Work item :: Set out each line from the following listing that includes the word "then".

Extracted records ::
lemma defines_dyck_iff:
  "defines_dyck n w \<longleftrightarrow> length w = n \<and> (\<forall>k<n. 1 \<le> w ! k) \<and>
     (\<forall>k. Suc k < n \<longrightarrow> w ! k \<le> w ! Suc k + 1) \<and> (0 < n \<longrightarrow> w ! (n - 1) \<le> 2)"
proof (intro iffI conjI allI impI; (elim conjE)?)
  assume "defines_dyck n w"
  then obtain G where G: "dyck (n + 1) G" and w: "w = dyck_vec n G"
    by (auto simp: defines_dyck_def)
  show "length w = n" by (simp add: w)
  show "1 \<le> w ! k" if "k < n" for k
    using that dyck_ups_before_D_ge[OF G, of "Suc k"] by (simp add: w nth_dyck_vec)
  show "w ! k \<le> w ! Suc k + 1" if "Suc k < n" for k
    using that ups_before_D_mono[of "Suc k" "Suc (Suc k)" G] by (simp add: w nth_dyck_vec)
  show "w ! (n - 1) \<le> 2" if "0 < n"
    using that ups_before_D_le_ups[of G n] G by (simp add: w nth_dyck_vec dyck_def)
next
  assume len: "length w = n" and pos: "\<forall>k<n. 1 \<le> w ! k"
    and drop: "\<forall>k. Suc k < n \<longrightarrow> w ! k \<le> w ! Suc k + 1" and last: "0 < n \<longrightarrow> w ! (n - 1) \<le> 2"
  define m where "m j = (if j = 0 then 0 else if j \<le> n then nat (w ! (j - 1) + int (j - 1)) else n + 1)" for j
  have "\<exists>G. dyck (n + 1) G \<and> (\<forall>j\<le>n + 1. ups_before_D G j = m j)"
  proof (rule dyck_with_ups_before_D_exists)
    show "\<forall>j<n + 1. m j \<le> m (Suc j)"
    proof (intro allI impI)
      fix j assume "j < n + 1"
      then consider "j = 0" | "0 < j" "j < n" | "j = n" by linarith
      then show "m j \<le> m (Suc j)"
      proof cases
        case 2
        then show ?thesis using drop[rule_format, of "j - 1"] by (simp add: m_def nat_le_iff)
      next
        case 3
        then show ?thesis using last by (simp add: m_def nat_le_iff)
      qed (simp add: m_def)
    qed
    show "\<forall>j\<le>n + 1. j \<le> m j"
    proof (intro allI impI)
      fix j assume "j \<le> n + 1"
      then consider "j = 0" | "0 < j" "j \<le> n" | "j = n + 1" by linarith
      then show "j \<le> m j"
      proof cases
        case 2
        then have "1 \<le> w ! (j - 1)" using pos by simp
        then show ?thesis using 2 by (simp add: m_def le_nat_iff)
      qed (simp_all add: m_def)
    qed
  qed (simp_all add: m_def)
  then obtain G where G: "dyck (n + 1) G" and ups: "\<forall>j\<le>n + 1. ups_before_D G j = m j"
    by blast
  have "w = dyck_vec n G"
    using len pos by (intro nth_equalityI) (auto simp: nth_dyck_vec ups m_def)
  then show "defines_dyck n w"
    using G by (auto simp: defines_dyck_def)
qed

Output for this task ::
  then obtain G where G: "dyck (n + 1) G" and w: "w = dyck_vec n G"
  define m where "m j = (if j = 0 then 0 else if j \<le> n then nat (w ! (j - 1) + int (j - 1)) else n + 1)" for j
      then consider "j = 0" | "0 < j" "j < n" | "j = n" by linarith
      then show "m j \<le> m (Suc j)"
        then show ?thesis using drop[rule_format, of "j - 1"] by (simp add: m_def nat_le_iff)
        then show ?thesis using last by (simp add: m_def nat_le_iff)
      then consider "j = 0" | "0 < j" "j \<le> n" | "j = n + 1" by linarith
      then show "j \<le> m j"
        then have "1 \<le> w ! (j - 1)" using pos by simp
        then show ?thesis using 2 by (simp add: m_def le_nat_iff)
  then obtain G where G: "dyck (n + 1) G" and ups: "\<forall>j\<le>n + 1. ups_before_D G j = m j"
  then show "defines_dyck n w"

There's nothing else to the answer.